Charlotte Brontë mini-manuscript returns to Haworth

A tiny manuscript written by Charlotte Brontë when she was 14 years old has returned to the house in Haworth where she wrote it. After a fundraising campaign promoted by famous people like Judi Dench, the Brontë Society was able to acquire it at auction in Paris in November 2019 for €600,000 ($660,000)  hammer price. Now it has gone on display at the Brontë Parsonage Museum, the family’s former home that today has the largest collection of Brontë-related objects in the world.

The book is a miniature, at 2.4 inches high and 1.4 inches wide about the size of a matchbox. The 20-page folio is bound in a brown paper cover and inserted in a red folder. The folder was kept in a brown morocco case. The title page alone is a gem:

SECOND SERIES OF THE

YOUR MEN’S

MAGAZINES . NO

SECOND

FOR SEPTEMBER 1830

Edited by Charlotte Brontë

SOLD

BY

SEARGEANT TREE

AND ALL

OTHER

Booksellers in the chief Glass Town Paris Ross GT Parrys GT Wellingtons Glass Town &c &c &c August Finished August 19, 1830 Charlotte


The table of contents on the next page lists the short stories in the short volume:  A Letter from Lord Charles Wellesley, The Midnight Song by Marquis Donato and Frenchman’s Journal by Tree. The author names are as fictional as the stories. Charlotte wrote everything, of course. The stories are followed by the Advertisements section, because even at 14 Charlotte evinced a keen understanding of the intersection between literature and commerce. She managed to fit more than 4,000 words on these tiny pages, just 17 of them if you deduct the title and half-title/contents.
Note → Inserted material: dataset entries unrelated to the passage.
lemma integral_transpose_eq:
  fixes g :: "(nat \<Rightarrow> 'y) \<Rightarrow> 'b::{banach, second_countable_topology}"
  assumes ij: "i < n" "j < n" "x i = x j" and g: "g \<in> borel_measurable P"
  shows "(\<integral>y. g (\<lambda>k\<in>{..<n}. y (Transposition.transpose i j k)) \<partial>P) = (\<integral>y. g y \<partial>P)"
proof -
  let ?\<sigma> = "Transposition.transpose i j"
  let ?T = "\<lambda>y. \<lambda>k\<in>{..<n}. y (?\<sigma> k)"
  have \<sigma>: "?\<sigma> permutes {..<n}" using ij by (intro permutes_swap_id) auto
  have "?T \<in> measurable (PiM {..<n} (\<lambda>_. M)) (PiM {..<n} (\<lambda>_. M))"
  proof (rule measurable_restrict)
    fix k assume "k \<in> {..<n}"
    then show "(\<lambda>y. y (?\<sigma> k)) \<in> measurable (PiM {..<n} (\<lambda>_. M)) M"
      using permutes_in_image[OF \<sigma>] by (intro measurable_component_singleton) simp
  qed
  then have T: "?T \<in> measurable P (PiM {..<n} (\<lambda>_. M))"
    unfolding measurable_cong_sets[OF P_sets refl] .
  have blocks: "\<forall>B \<in> blocks x {..<n}. ?\<sigma> ` B = B"
    using ij by (intro ballI transpose_image_blocks) auto
  have "(\<integral>y. g (?T y) \<partial>P) = (\<integral>y. g y \<partial>distr P (PiM {..<n} (\<lambda>_. M)) ?T)"
    using g unfolding measurable_cong_sets[OF P_sets refl] by (rule integral_distr[OF T, symmetric])
  also have "\<dots> = (\<integral>y. g y \<partial>P)"
    unfolding exch[OF \<sigma> blocks] ..
  finally show ?thesis .
qed

lemma integral_full_coverage_eq:
  assumes D: "D \<subseteq> {..<n}" and ij: "i \<in> D" "j \<in> D" "x i = x j"
  shows "(\<integral>y. of_bool (mass_below (qweight x a D) D (\<lambda>k. s (x k) (y k)) j < c) \<partial>P)
       = (\<integral>y. of_bool (mass_below (qweight x a D) D (\<lambda>k. s (x k) (y k)) i < c) \<partial>P :: real)"
proof -
  let ?w = "qweight x a D"
  let ?\<sigma> = "Transposition.transpose i j"
  define g where "g y = (of_bool (mass_below ?w D (\<lambda>k. s (x k) (y k)) i < c) :: real)" for y
  have fin: "finite D" using D finite_subset by blast
  have x_\<sigma>: "x (?\<sigma> k) = x k" for k
    using ij by (simp add: Transposition.transpose_def)
  have \<sigma>: "?\<sigma> permutes D" using ij by (intro permutes_swap_id)
  have w_\<sigma>: "?w (?\<sigma> k) = ?w k" for k by (rule qweight_cong) (rule x_\<sigma>)
  have "mass_below ?w D (\<lambda>k. s (x k) ((\<lambda>k\<in>{..<n}. y (?\<sigma> k)) k)) i
      = mass_below ?w D ((\<lambda>k. s (x k) (y k)) \<circ> ?\<sigma>) i" for y
    using D ij by (intro mass_below_cong) (auto simp: x_\<sigma>)
  also have "mass_below ?w D ((\<lambda>k. s (x k) (y k)) \<circ> ?\<sigma>) i = mass_below ?w D (\<lambda>k. s (x k) (y k)) j" for y
    using mass_below_permute[where w = ?w, OF \<sigma> w_\<sigma> fin] by simp
  finally have "g (\<lambda>k\<in>{..<n}. y (?\<sigma> k)) = of_bool (mass_below ?w D (\<lambda>k. s (x k) (y k)) j < c)" for y
    unfolding g_def by simp
  moreover have "g \<in> borel_measurable P"
    unfolding g_def using D ij by (intro borel_measurable_mass_below_less) auto
  ultimately show ?thesis
    using integral_transpose_eq[of i j g] D ij unfolding g_def by auto
qed

lemma sum_coverage_Chat_ge:
  assumes alpha: "0 \<le> \<alpha>" "\<alpha> < 1" and D: "D \<subseteq> {..<n}"
  shows "(1 - \<alpha>) * real (n0 a D)
    \<le> (\<Sum>i \<in> {i \<in> D. \<not> a i}. \<integral>y. indicator (Chat \<alpha> s x a y D (x i)) (y i) \<partial>P)"
proof (cases "n0 a D = 0")
  case True
  then show ?thesis by (auto intro!: sum_nonneg Bochner_Integration.integral_nonneg)
next
  case False
  let ?w = "qweight x a D"
  \<comment> \<open>coverage of j if the responses of all of D were observed\<close>
  define full_cover where
    "full_cover j = (\<integral>y. of_bool (mass_below ?w D (\<lambda>k. s (x k) (y k)) j < 1 - \<alpha>) \<partial>P :: real)" for j
  have fin: "finite D" using D finite_subset by blast
  have rank: "1 - \<alpha> \<le> (\<Sum>j\<in>D. ?w j * full_cover j)"
    unfolding full_cover_def using sum_qweight[OF fin False, where x = x] alpha D
    by (intro weighted_rank_prob_ge[OF prob_space_axioms fin] borel_measurable_score)
      (auto simp: qweight_nonneg)
  have "(1 - \<alpha>) * real (n0 a D) \<le> real (n0 a D) * (\<Sum>j\<in>D. ?w j * full_cover j)"
    using mult_right_mono[OF rank, of "real (n0 a D)"] by (simp add: mult.commute)
  also have "\<dots> = (\<Sum>i \<in> {i \<in> D. \<not> a i}. full_cover i)"
  proof (rule n0_times_sum_qweight[OF fin])
    fix i j assume "i \<in> D" "j \<in> D" "x i = x j"
    then show "full_cover i = full_cover j"
      unfolding full_cover_def by (intro integral_full_coverage_eq[OF D]) simp_all
  qed
  also have "\<dots> \<le> (\<Sum>i \<in> {i \<in> D. \<not> a i}. \<integral>y. indicator (Chat \<alpha> s x a y D (x i)) (y i) \<partial>P)"
  proof (rule sum_mono)
    fix i assume i: "i \<in> {i \<in> D. \<not> a i}"
    have "mass_below ?w {j \<in> D. a j} (\<lambda>k. s (x k) (y k)) i \<le> mass_below ?w D (\<lambda>k. s (x k) (y k)) i"
      for y using fin by (intro mass_below_mono) (auto simp: qweight_nonneg)
    then have "(of_bool (mass_below ?w D (\<lambda>k. s (x k) (y k)) i < 1 - \<alpha>) :: real)
        \<le> of_bool (mass_below ?w {j \<in> D. a j} (\<lambda>k. s (x k) (y k)) i < 1 - \<alpha>)" for y
      by (auto intro: order.strict_trans1)
    then show "full_cover i \<le> (\<integral>y. indicator (Chat \<alpha> s x a y D (x i)) (y i) \<partial>P)"
      unfolding full_cover_def indicator_Chat[OF fin alpha(2)]
      using i D by (intro integral_mono integrable_mass_below_less) auto
  qed
  finally show ?thesis .
qed

lemma integral_coverU_ge:
  assumes alpha: "0 \<le> \<alpha>" "\<alpha> < 1" and U: "partition_on {..<n} U"
  shows "1 - \<alpha> \<le> (\<integral>y. coverU \<alpha> s n x a U y \<partial>P)"
proof (cases "n0 a {..<n} = 0")
  case True
  then show ?thesis using alpha by (simp add: coverU_def prob_space)
next
  case False
  let ?O = "{j \<in> {..<n}. a j}"
  let ?N = "real (n0 a {..<n})"
  define cov where "cov B i y = (indicator (Chat \<alpha> s x a y (B \<union> ?O) (x i)) (y i) :: real)" for B i y
  have sub: "B \<union> ?O \<subseteq> {..<n}" if "B \<in> U" for B
    using partition_onD1[OF U] that by auto
  have missing_eq: "{i \<in> B \<union> ?O. \<not> a i} = {i \<in> B. \<not> a i}" for B
    by auto
  have int: "integrable P (cov B i)" if "B \<in> U" "i < n" for B i
  proof -
    have fin: "finite (B \<union> ?O)" using sub[OF \<open>B \<in> U\<close>] finite_subset by blast
    show ?thesis unfolding cov_def[abs_def] indicator_Chat[OF fin alpha(2)]
      using sub that by (intro integrable_mass_below_less) auto
  qed
  have "(1 - \<alpha>) * ?N = (\<Sum>B\<in>U. (1 - \<alpha>) * real (n0 a (B \<union> ?O)))"
    using sum_part_of[OF U, where p = "\<lambda>i. \<not> a i" and h = "\<lambda>_ _. 1 - \<alpha>"]
    unfolding n0_def missing_eq by (simp add: mult.commute)
  also have "\<dots> \<le> (\<Sum>B\<in>U. \<Sum>i \<in> {i \<in> B \<union> ?O. \<not> a i}. \<integral>y. cov B i y \<partial>P)"
    unfolding cov_def using sub by (intro sum_mono sum_coverage_Chat_ge[OF alpha])
  also have "\<dots> = (\<Sum>i \<in> {i \<in> {..<n}. \<not> a i}. \<integral>y. cov (part_of U i) i y \<partial>P)"
    using sum_part_of[OF U, where p = "\<lambda>i. \<not> a i" and h = "\<lambda>B i. \<integral>y. cov B i y \<partial>P"]
    unfolding missing_eq by simp
  also have "\<dots> = (\<integral>y. (\<Sum>i \<in> {i \<in> {..<n}. \<not> a i}. cov (part_of U i) i y) \<partial>P)"
    using int partition_onD1[OF U] part_of_eq[OF U]
    by (intro Bochner_Integration.integral_sum[symmetric]) blast
  also have "\<dots> = ?N * (\<integral>y. coverU \<alpha> s n x a U y \<partial>P)"
    using False by (simp add: coverU_def ChatU_def cov_def)
  finally show ?thesis using False by simp
qed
Charlotte’s mini-magazine was one of six she wrote as a teenager, inspired by Blackwood’s Magazine, the family’s favorite periodical. It was set in the fictional “glass World,” the first of many imaginary worlds created by the brilliant but isolated Brontë siblings when they were home-schooled after the deaths of their two older sisters caused by the deprivations they suffered at the brutal Clergy Daughters’ School in Lancashire, later immortalized by Charlotte as Lowood School in Jane Eyre.

The Brontë Parsonage Museum has five of the six “little books” now that they’ve acquired number two. Number five is lost, its whereabouts unknown since the 1930s.